▶ _Description of the task_: Please reproduce verbatim the lines below, from the first through the one with "using assms by (simp add: field_simps power2_eq_square".

══ Listed records

lemma inverse_square_ge_tangent:
  fixes y c :: real
  assumes "0 < y" "0 < c"
  shows "3 / c\<^sup>2 - 2 * y / c ^ 3 \<le> 1 / y\<^sup>2"
proof -
  have "0 \<le> (c - y)\<^sup>2 * (c + 2 * y)"
    using assms by simp
  also have "(c - y)\<^sup>2 * (c + 2 * y) = c ^ 3 * y\<^sup>2 * (1 / y\<^sup>2 - (3 / c\<^sup>2 - 2 * y / c ^ 3))"
    using assms by (simp add: field_simps power2_eq_square power3_eq_cube)
  finally have "0 \<le> c ^ 3 * y\<^sup>2 * (1 / y\<^sup>2 - (3 / c\<^sup>2 - 2 * y / c ^ 3))" .
  moreover have "0 < c ^ 3 * y\<^sup>2"
    using assms by simp
  ultimately show ?thesis
    by (simp add: zero_le_mult_iff)
qed

lemma collision_ratio_ge_tangent:
  assumes "\<And>i. i \<in> I \<Longrightarrow> 0 \<le> x i" "0 < c"
  shows "3 / c\<^sup>2 * (\<Sum>i\<in>I. (x i)\<^sup>2) - 2 / c ^ 3 * ((\<Sum>i\<in>I. (x i)\<^sup>2) * (\<Sum>i\<in>I. x i))
    \<le> collision_ratio x I"
proof (cases "(\<Sum>i\<in>I. x i) > 0")
  case True
  have "(\<Sum>i\<in>I. (x i)\<^sup>2) * (3 / c\<^sup>2 - 2 * (\<Sum>i\<in>I. x i) / c ^ 3)
      \<le> (\<Sum>i\<in>I. (x i)\<^sup>2) * (1 / (\<Sum>i\<in>I. x i)\<^sup>2)"
    using True assms by (intro mult_left_mono inverse_square_ge_tangent sum_nonneg) auto
  then show ?thesis
    using True by (simp add: collision_ratio_def algebra_simps)
next
  case False
  moreover have "0 \<le> (\<Sum>i\<in>I. x i)"
    using assms(1) by (simp add: sum_nonneg)
  ultimately have "(\<Sum>i\<in>I. x i) = 0"
    by linarith
  then have "(\<Sum>i\<in>I. (x i)\<^sup>2) = 0"
    using assms(1) by (cases "finite I") (simp_all add: sum_nonneg_eq_0_iff)
  then show ?thesis
    by (simp add: collision_ratio_def)
qed

lemma weighted_chebyshev_sum:
  fixes x w :: "'i \<Rightarrow> real"
  assumes "\<And>i. i \<in> I \<Longrightarrow> 0 \<le> x i"
    and "\<And>i j. i \<in> I \<Longrightarrow> j \<in> I \<Longrightarrow> 0 \<le> (x i - x j) * (w i - w j)"
  shows "(\<Sum>i\<in>I. (x i)\<^sup>2) * (\<Sum>i\<in>I. x i * w i) \<le> (\<Sum>i\<in>I. x i) * (\<Sum>i\<in>I. (x i)\<^sup>2 * w i)"
proof -
  define D where "D = (\<Sum>i\<in>I. x i)"
  define C where "C = (\<Sum>i\<in>I. (x i)\<^sup>2)"
  define P where "P = (\<Sum>i\<in>I. (x i)\<^sup>2 * w i)"
  define Q where "Q = (\<Sum>i\<in>I. x i * w i)"
  have row: "(\<Sum>j\<in>I. x i * x j * ((x i - x j) * (w i - w j)))
      = (x i)\<^sup>2 * w i * D - (x i)\<^sup>2 * Q - x i * w i * C + x i * P" for i
    by (simp add: D_def Q_def C_def P_def sum_distrib_left sum_subtractf sum.distrib[symmetric]
        algebra_simps power2_eq_square)
  have "(\<Sum>i\<in>I. \<Sum>j\<in>I. x i * x j * ((x i - x j) * (w i - w j))) = 2 * (D * P - C * Q)"
    unfolding row
    by (simp add: sum.distrib sum_subtractf sum_distrib_right[symmetric] flip: P_def C_def Q_def D_def)
  moreover have "0 \<le> (\<Sum>i\<in>I. \<Sum>j\<in>I. x i * x j * ((x i - x j) * (w i - w j)))"
    using assms by (intro sum_nonneg) (simp add: mult_nonneg_nonneg)
  ultimately show ?thesis
    by (simp add: C_def Q_def D_def P_def)
qed

lemma weighted_chebyshev_cauchy_schwarz:
  fixes x w :: "'i \<Rightarrow> real"
  assumes "\<And>i. i \<in> I \<Longrightarrow> 0 \<le> x i" "\<And>i. i \<in> I \<Longrightarrow> 0 \<le> w i"
    and "\<And>i j. i \<in> I \<Longrightarrow> j \<in> I \<Longrightarrow> 0 \<le> (x i - x j) * (w i - w j)"
  shows "(\<Sum>i\<in>I. (x i)\<^sup>2) * (\<Sum>i\<in>I. x i * w i)\<^sup>2 \<le> (\<Sum>i\<in>I. x i)\<^sup>2 * (\<Sum>i\<in>I. (x i * w i)\<^sup>2)"
proof -
  define D where "D = (\<Sum>i\<in>I. x i)"
  define C where "C = (\<Sum>i\<in>I. (x i)\<^sup>2)"
  define P where "P = (\<Sum>i\<in>I. (x i)\<^sup>2 * w i)"
  define Q where "Q = (\<Sum>i\<in>I. x i * w i)"
  define R where "R = (\<Sum>i\<in>I. (x i * w i)\<^sup>2)"
  have chebyshev: "C * Q \<le> D * P"
    unfolding C_def Q_def D_def P_def using assms(1,3) by (rule weighted_chebyshev_sum)
  have cauchy_schwarz: "P\<^sup>2 \<le> C * R"
    using Cauchy_Schwarz_ineq_sum[of x "\<lambda>i. x i * w i" I]
    by (simp add: P_def C_def R_def power2_eq_square mult.assoc)
  have nonneg: "0 \<le> C" "0 \<le> Q" "0 \<le> R"
    unfolding C_def Q_def R_def using assms by (auto intro!: sum_nonneg)
  have "C * (C * Q\<^sup>2) = (C * Q)\<^sup>2"
    by (simp add: power2_eq_square)
  also have "\<dots> \<le> (D * P)\<^sup>2"
    using chebyshev nonneg by (intro power_mono) auto
  also have "\<dots> \<le> D\<^sup>2 * (C * R)"
    using cauchy_schwarz by (simp add: power_mult_distrib mult_left_mono)
  also have "\<dots> = C * (D\<^sup>2 * R)"
    by simp
  finally have "C * (C * Q\<^sup>2) \<le> C * (D\<^sup>2 * R)" .
  then have "C * Q\<^sup>2 \<le> D\<^sup>2 * R"
    using nonneg by (cases "C = 0") auto
  then show ?thesis
    by (simp add: C_def D_def Q_def R_def)
qed
(* Let $d\ge2$, $p_c(z)=\bar z^d+c$, let $W$ be a hyperbolic component of odd period $k$ and let $c_0\in\partial W$ be a parameter for which $p_{c_0}$ has a simple parabolic orbit $z_0,\dots,z_{k-1}$. Let $\varphi_{c_0}$ be a local holomorphic coordinate near $z_0$ with $\varphi_{c_0}(z_0)=0$ and $\varphi_{c_0}\circ p_{c_0}^{\circ 2k}\circ\varphi_{c_0}^{-1}(\zeta)=\zeta+\zeta^2h(\zeta)$ with $h(0)=1$. Then for every $\varepsilon>0$ one can choose a neighborhood $V$ of $c_0$ in parameter space and a neighborhood $U$ of $z_0$ in the dynamical plane such that for every $c\in V$ there is a holomorphic coordinate $\varphi_c:U\to\mathbb{C}$ and a number $a_c\in\mathbb{C}$ satisfying $$f_c(\zeta):=\varphi_c\circ p_c^{\circ 2k}\circ\varphi_c^{-1}(\zeta)=\zeta+(\zeta^2-a_c^2)h_c(\zeta)$$ with $h_c$ holomorphic and $|h_c(\zeta)-1|<\varepsilon$ for all $\zeta\in\varphi_c(U)$.
   Context: A hyperbolic component of period $n$ is a connected component of the set of parameters $c$ for which $p_c$ has an attracting periodic orbit of period $n$. A periodic orbit of odd period $k$ is parabolic if $(p_c^{\circ2k})'=1$ at its points ($p_c^{\circ2k}$ is holomorphic), and simple if $p_c^{\circ2k}(z_0+w)=z_0+w+aw^2+O(w^3)$ with $a\ne0$. *)

theory Defs
  imports "HOL-Analysis.Analysis" "HOL-Library.Landau_Symbols"
begin

definition tric :: "nat \<Rightarrow> complex \<Rightarrow> complex \<Rightarrow> complex" where
  "tric d c z = cnj z ^ d + c"

definition exact_periodic :: "nat \<Rightarrow> complex \<Rightarrow> nat \<Rightarrow> complex \<Rightarrow> bool" where
  "exact_periodic d c n z \<longleftrightarrow> 0 < n \<and> (tric d c ^^ n) z = z \<and>
     (\<forall>m. 0 < m \<and> m < n \<longrightarrow> (tric d c ^^ m) z \<noteq> z)"

text \<open>p_c has an attracting periodic orbit of period n (the second iterate of the first
  return map is holomorphic; attracting means its multiplier has modulus < 1).\<close>
definition has_attracting_orbit :: "nat \<Rightarrow> complex \<Rightarrow> nat \<Rightarrow> bool" where
  "has_attracting_orbit d c n \<longleftrightarrow>
     (\<exists>z. exact_periodic d c n z \<and> norm (deriv (tric d c ^^ (2*n)) z) < 1)"
theorem theorem1p2:
  fixes n :: nat and R :: "(nat \<times> nat) set"
  assumes "tournament {1..n} R"
  shows "\<exists>(M :: (nat \<Rightarrow> real) measure) (X :: nat \<Rightarrow> (nat \<Rightarrow> real) \<Rightarrow> real).
           prob_space M \<and>
           prob_space.indep_vars M (\<lambda>_. borel) X {1..n} \<and>
           (\<forall>i\<in>{1..n}. cont_rv_unit M (X i) \<and> proper_rv M (X i)) \<and>
           (\<forall>i\<in>{1..n}. \<forall>j\<in>{1..n}.
              measure M {\<omega> \<in> space M. X i \<omega> > X j \<omega>} > 1 / 2 \<longleftrightarrow> (i, j) \<in> R)"
proof -
  define T where "T = 2 * (n * n) + 1"
  obtain e \<theta> where e: "0 < e" "e < 1" and \<theta>: "0 < \<theta>" "\<theta> < 1/2"
    and gap: "e < (1 - e) / T * profile_step n" and \<theta>_small: "real T ^ 2 < (1 - 2 * \<theta>) * (real T ^ 2 + 1)"
    using staircase_parameters_exist[of T "profile_step n"] profile_step_pos profile_step_le
    unfolding T_def by auto
  show ?thesis
  proof (rule staircases_realize_tournament[OF assms _ _ gap _ \<theta>_small])
    show "staircase_params T e \<theta> (profile n R v)" if "v \<in> {1..n}" for v
      using e \<theta> that profile_nonneg profile_le_one by unfold_locales (auto simp: T_def)
    show "(\<Sum>r<T. profile n R v r) = real T / 2" for v
      unfolding T_def by (rule sum_profile)
    show "real T + 1 \<le> 2 * real (card {r \<in> {..<T}. profile n R j r + profile_step n \<le> profile n R i r})"
      if "(i, j) \<in> R" for i j
      unfolding T_def using assms that by (rule card_profile_wins)
  qed
qed

end
section \<open>Block lower-triangular systems\<close>

lemma triangular_recurrence_bound:
  fixes a :: "nat \<Rightarrow> real"
  assumes m: "0 < m" and A: "0 \<le> A" and b: "0 \<le> b"
    and rec: "\<And>i. i \<in> {1..n} \<Longrightarrow> m * a i \<le> b + A * (\<Sum>k=1..<i. a k)"
    and i: "i \<in> {1..n}"
  shows "a i \<le> (1 + A / m) ^ n * b / m"
proof -
  \<comment> \<open>Each step multiplies the residual \<open>b + A * (partial sum)\<close> by at most \<open>1 + A / m\<close>.\<close>
  have partial: "b + A * (\<Sum>k=1..j. a k) \<le> (1 + A / m) ^ j * b" if "j \<le> n" for j
    using that
  proof (induction j)
    case (Suc j)
    have "m * a (Suc j) \<le> b + A * (\<Sum>k=1..j. a k)"
      using rec[of "Suc j"] Suc.prems by (simp add: atLeastLessThanSuc_atLeastAtMost)
    from mult_left_mono[OF this A]
    have "A * a (Suc j) \<le> A / m * (b + A * (\<Sum>k=1..j. a k))"
      using m by (simp add: field_simps)
    then have "b + A * (\<Sum>k=1..Suc j. a k) \<le> (1 + A / m) * (b + A * (\<Sum>k=1..j. a k))"
      by (simp add: algebra_simps)
    also have "\<dots> \<le> (1 + A / m) * ((1 + A / m) ^ j * b)"
      using Suc m A by (intro mult_left_mono) auto
    finally show ?case
      by simp
  qed simp
  have "{1..<i} = {1..i - 1}"
    using i by auto
  then have "m * a i \<le> b + A * (\<Sum>k=1..i - 1. a k)"
    using rec[OF i] by simp
  also have "\<dots> \<le> (1 + A / m) ^ (i - 1) * b"
    using i by (intro partial) auto
  also have "\<dots> \<le> (1 + A / m) ^ n * b"
    using m A b i by (intro mult_right_mono power_increasing) auto
  finally show ?thesis
    using m by (simp add: field_simps)
qed

definition coercive_block_triangular :: "nat \<Rightarrow> real \<Rightarrow> real \<Rightarrow> (nat \<Rightarrow> nat \<Rightarrow> real^'n^'n) \<Rightarrow> bool"
  where "coercive_block_triangular N m A B \<longleftrightarrow>
    (\<forall>i\<in>{1..N}. \<forall>x. m * (norm x)\<^sup>2 \<le> x \<bullet> (B i i *v x)) \<and>
    (\<forall>i\<in>{1..N}. \<forall>k\<in>{1..N}. (i < k \<longrightarrow> B i k = 0) \<and> (k < i \<longrightarrow> norm (B i k) \<le> A))"

definition triangular_solve_const :: "nat \<Rightarrow> real \<Rightarrow> real \<Rightarrow> real"
  where "triangular_solve_const N m A = real N * ((1 + A / m) ^ N / m)\<^sup>2"

lemma triangular_solve_const_pos:
  assumes "1 \<le> N" "0 < m" "0 \<le> A"
  shows "0 < triangular_solve_const N m A"
proof -
  have "0 < (1 + A / m) ^ N / m"
    using assms by (simp add: add_pos_nonneg)
  then show ?thesis
    using assms unfolding triangular_solve_const_def by (intro mult_pos_pos zero_less_power) auto
qed

lemma coercive_block_triangular_row_bound:
  fixes B :: "nat \<Rightarrow> nat \<Rightarrow> real^'n^'n"
  assumes B: "coercive_block_triangular N m A B" and i: "i \<in> {1..N}"
  shows "m * norm (v i) \<le> norm (\<Sum>k=1..N. B i k *v v k) + A * (\<Sum>k=1..<i. norm (v k))"
proof -
  have "(\<Sum>k=i..N. B i k *v v k) = B i i *v v i"
    using i B by (subst sum.atLeast_Suc_atMost) (auto simp: coercive_block_triangular_def intro!: sum.neutral)
  moreover have "{1..N} = {1..<i} \<union> {i..N}"
    using i by auto
  moreover have "{1..<i} \<inter> {i..N} = {}"
    by auto
  ultimately have row: "(\<Sum>k=1..N. B i k *v v k) = (\<Sum>k=1..<i. B i k *v v k) + B i i *v v i"
    by (simp add: sum.union_disjoint)
  have "norm (\<Sum>k=1..<i. B i k *v v k) \<le> (\<Sum>k=1..<i. A * norm (v k))"
  proof (rule sum_norm_le)
    fix k
    assume "k \<in> {1..<i}"
    then have "norm (B i k) \<le> A"
      using B i by (auto simp: coercive_block_triangular_def)
    then show "norm (B i k *v v k) \<le> A * norm (v k)"
      by (meson norm_matrix_vector_mult_le mult_right_mono norm_ge_zero order_trans)
  qed
  moreover have "m * norm (v i) \<le> norm (B i i *v v i)"
    using B i by (intro norm_ge_of_inner_ge) (auto simp: coercive_block_triangular_def)
  ultimately show ?thesis
    unfolding row sum_distrib_left[symmetric]
    by (smt (verit) norm_triangle_ineq4 add_diff_cancel_left')
qed

lemma coercive_block_triangular_solve:
  fixes B :: "nat \<Rightarrow> nat \<Rightarrow> real^'n^'n"
  assumes B: "coercive_block_triangular N m A B" and m: "0 < m" and A: "0 \<le> A"
  shows "(\<Sum>k=1..N. (norm (v k))\<^sup>2)
    \<le> triangular_solve_const N m A * (\<Sum>i=1..N. (norm (\<Sum>k=1..N. B i k *v v k))\<^sup>2)"
proof -
  define b where "b = L2_set (\<lambda>i. norm (\<Sum>k=1..N. B i k *v v k)) {1..N}"
  have "m * norm (v i) \<le> b + A * (\<Sum>k=1..<i. norm (v k))" if "i \<in> {1..N}" for i
  proof -
    have "norm (\<Sum>k=1..N. B i k *v v k) \<le> b"
      unfolding b_def using that by (intro member_le_L2_set) auto
    then show ?thesis
      using coercive_block_triangular_row_bound[OF B that, of v] by linarith
  qed
  then have "norm (v i) \<le> (1 + A / m) ^ N * b / m" if "i \<in> {1..N}" for i
    using m A that by (intro triangular_recurrence_bound[where a="\<lambda>k. norm (v k)"]) (auto simp: b_def)
  then have "(\<Sum>k=1..N. (norm (v k))\<^sup>2) \<le> (\<Sum>k=1..N. ((1 + A / m) ^ N * b / m)\<^sup>2)"
    by (intro sum_mono power_mono) auto
  also have "\<dots> = triangular_solve_const N m A * b\<^sup>2"
    by (simp add: triangular_solve_const_def power_mult_distrib power_divide)
  also have "b\<^sup>2 = (\<Sum>i=1..N. (norm (\<Sum>k=1..N. B i k *v v k))\<^sup>2)"
    unfolding b_def L2_set_def by (simp add: sum_nonneg)
  finally show ?thesis .
qed

lemma coercive_block_triangular_reflect:
  fixes B :: "nat \<Rightarrow> nat \<Rightarrow> real^'n^'n"
  assumes "coercive_block_triangular N m A B"
  shows "coercive_block_triangular N m A (\<lambda>i k. transpose (B (N + 1 - k) (N + 1 - i)))"
proof -
  have "N + 1 - i \<in> {1..N}" if "i \<in> {1..N}" for i
    using that by auto
  moreover have "N + 1 - k < N + 1 - i" if "i < k" "k \<in> {1..N}" for i k
    using that by auto
  moreover have "transpose (0 :: real^'n^'n) = 0"
    by (simp add: transpose_def vec_eq_iff)
  ultimately show ?thesis
    using assms unfolding coercive_block_triangular_def
    by (simp add: quadratic_form_transpose norm_transpose del: transpose_matrix_vector)
qed

lemma coercive_block_triangular_solve_transpose:
  fixes B :: "nat \<Rightarrow> nat \<Rightarrow> real^'n^'n"
  assumes B: "coercive_block_triangular N m A B" and m: "0 < m" and A: "0 \<le> A"
  shows "(\<Sum>i=1..N. (norm (g i))\<^sup>2)
    \<le> triangular_solve_const N m A * (\<Sum>k=1..N. (norm (\<Sum>i=1..N. transpose (B i k) *v g i))\<^sup>2)"
proof -
  \<comment> \<open>Read backwards, the transposed system is again block lower triangular.\<close>
  have rev: "(\<Sum>i=1..N. f i) = (\<Sum>i=1..N. f (N + 1 - i))" for f :: "nat \<Rightarrow> 'a::comm_monoid_add"
    using sum.atLeastAtMost_rev[of f 1 N] by simp
  have "(\<Sum>i=1..N. (norm (g (N + 1 - i)))\<^sup>2) \<le> triangular_solve_const N m A *
      (\<Sum>k=1..N. (norm (\<Sum>i=1..N. transpose (B (N + 1 - i) (N + 1 - k)) *v g (N + 1 - i)))\<^sup>2)"
    using coercive_block_triangular_solve[OF coercive_block_triangular_reflect[OF B] m A] .
  moreover have "(\<Sum>i=1..N. transpose (B i j) *v g i)
      = (\<Sum>i=1..N. transpose (B (N + 1 - i) j) *v g (N + 1 - i))" for j
    by (rule rev)
  ultimately show ?thesis
    by (subst (1 2) rev) simp
qed

lemma block_sigma_min_cong:
  assumes "\<And>i k. i \<in> {1..N} \<Longrightarrow> k \<in> {1..N} \<Longrightarrow> B i k = B' i k"
  shows "block_sigma_min N B = block_sigma_min N B'"
proof -
  have "(\<Sum>i=1..N. (norm (\<Sum>k=1..N. B i k *v v k))\<^sup>2) = (\<Sum>i=1..N. (norm (\<Sum>k=1..N. B' i k *v v k))\<^sup>2)" for v
    using assms by (auto intro!: sum.cong)
  then show ?thesis
    unfolding block_sigma_min_def by simp
qed

lemma block_sigma_min_ge:
  fixes B :: "nat \<Rightarrow> nat \<Rightarrow> real^'n^'n"
  assumes N: "1 \<le> N" and C: "0 < C"
    and solve: "\<And>v. (\<Sum>k=1..N. (norm (v k))\<^sup>2) \<le> C * (\<Sum>i=1..N. (norm (\<Sum>k=1..N. B i k *v v k))\<^sup>2)"
  shows "1 / sqrt C \<le> block_sigma_min N B"
  unfolding block_sigma_min_def
proof (rule cInf_greatest)
  obtain e :: "real^'n" where e: "norm e = 1"
    using vector_choose_size[of 1] by auto
  have "(\<Sum>k=1..N. (norm (if k = 1 then e else 0))\<^sup>2) = (\<Sum>k=1..N. if k = 1 then 1 else 0)"
    by (intro sum.cong) (auto simp: e)
  also have "\<dots> = 1"
    using N by simp
  finally have "(\<Sum>k=1..N. (norm (if k = 1 then e else 0))\<^sup>2) = 1" .
  then show "{sqrt (\<Sum>i=1..N. (norm (\<Sum>k=1..N. B i k *v v k))\<^sup>2) | v.
      (\<Sum>k=1..N. (norm (v k))\<^sup>2) = 1} \<noteq> {}"
    by auto
next
  fix s
  assume "s \<in> {sqrt (\<Sum>i=1..N. (norm (\<Sum>k=1..N. B i k *v v k))\<^sup>2) | v.
      (\<Sum>k=1..N. (norm (v k))\<^sup>2) = 1}"
  then obtain v where s: "s = sqrt (\<Sum>i=1..N. (norm (\<Sum>k=1..N. B i k *v v k))\<^sup>2)"
    and v: "(\<Sum>k=1..N. (norm (v k))\<^sup>2) = 1"
    by blast
  have "1 / C \<le> (\<Sum>i=1..N. (norm (\<Sum>k=1..N. B i k *v v k))\<^sup>2)"
    using solve[of v] v C by (simp add: field_simps)
  then have "sqrt (1 / C) \<le> s"
    unfolding s by (rule real_sqrt_le_mono)
  then show "1 / sqrt C \<le> s"
    by (simp add: real_sqrt_divide)
qed

section \<open>The frame energies\<close>

lemma less_divide_square_of_less_sqrt:
  fixes L d s :: real
  assumes "0 < L" "0 < d" "d < sqrt (s / L)"
  shows "L < s / d\<^sup>2"
proof -
  have "d\<^sup>2 < (sqrt (s / L))\<^sup>2"
    using assms by (intro power_strict_mono) auto
  moreover have "0 < s / L"
    using assms by (metis less_trans real_sqrt_le_0_iff not_le)
  ultimately have "d\<^sup>2 < s / L"
    by simp
  then show ?thesis
    using assms by (simp add: field_simps)
qed

lemma diff_INF_le_of_nonneg:
  fixes f :: "'a \<Rightarrow> real"
  assumes "\<And>s. 0 \<le> f s"
  shows "f x - (INF s. f s) \<le> f x"
  using assms by (simp add: cINF_greatest)

definition second_diff :: "(nat \<Rightarrow> real) \<Rightarrow> real^'n \<Rightarrow> real^'n \<Rightarrow> (nat \<Rightarrow> real^'n) \<Rightarrow> nat \<Rightarrow> real^'n"
  where "second_diff \<delta> th0 thm1 th i =
    frame th0 thm1 th (int i) - (1 + \<delta> i / \<delta> (i - 1)) *\<^sub>R frame th0 thm1 th (int i - 1)
      + (\<delta> i / \<delta> (i - 1)) *\<^sub>R frame th0 thm1 th (int i - 2)"

definition second_diff_coeff :: "(nat \<Rightarrow> real) \<Rightarrow> nat \<Rightarrow> nat \<Rightarrow> real"
  where "second_diff_coeff \<delta> i k =
    (if k = i then 1 else 0) - (1 + \<delta> i / \<delta> (i - 1)) * (if int k = int i - 1 then 1 else 0)
      + \<delta> i / \<delta> (i - 1) * (if int k = int i - 2 then 1 else 0)"

lemma Ebar_second_diff:
  "Ebar M \<delta> P u \<iota> th0 thm1 th i =
    Mnorm2 M (second_diff \<delta> th0 thm1 th i) / (2 * (\<delta> i)\<^sup>2) + P (th i) (u (\<iota> i))"
  unfolding Ebar_def second_diff_def Let_def ..

lemma second_diff_upd:
  assumes "1 \<le> k"
  shows "second_diff \<delta> th0 thm1 (th(k := t)) i
    = second_diff \<delta> th0 thm1 th i + second_diff_coeff \<delta> i k *\<^sub>R (t - th k)"
proof -
  have "frame th0 thm1 (th(k := t)) j = frame th0 thm1 th j + (if j = int k then t - th k else 0)" for j
    using assms unfolding frame_def by (auto simp: nat_eq_iff)
  then show ?thesis
    unfolding second_diff_def second_diff_coeff_def by (simp add: algebra_simps)
qed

════

▶ _Solution to the exercise_:
lemma inverse_square_ge_tangent:
  fixes y c :: real
  assumes "0 < y" "0 < c"
  shows "3 / c\<^sup>2 - 2 * y / c ^ 3 \<le> 1 / y\<^sup>2"
proof -
  have "0 \<le> (c - y)\<^sup>2 * (c + 2 * y)"
    using assms by simp
  also have "(c - y)\<^sup>2 * (c + 2 * y) = c ^ 3 * y\<^sup>2 * (1 / y\<^sup>2 - (3 / c\<^sup>2 - 2 * y / c ^ 3))"
    using assms by (simp add: field_simps power2_eq_square power3_eq_cube)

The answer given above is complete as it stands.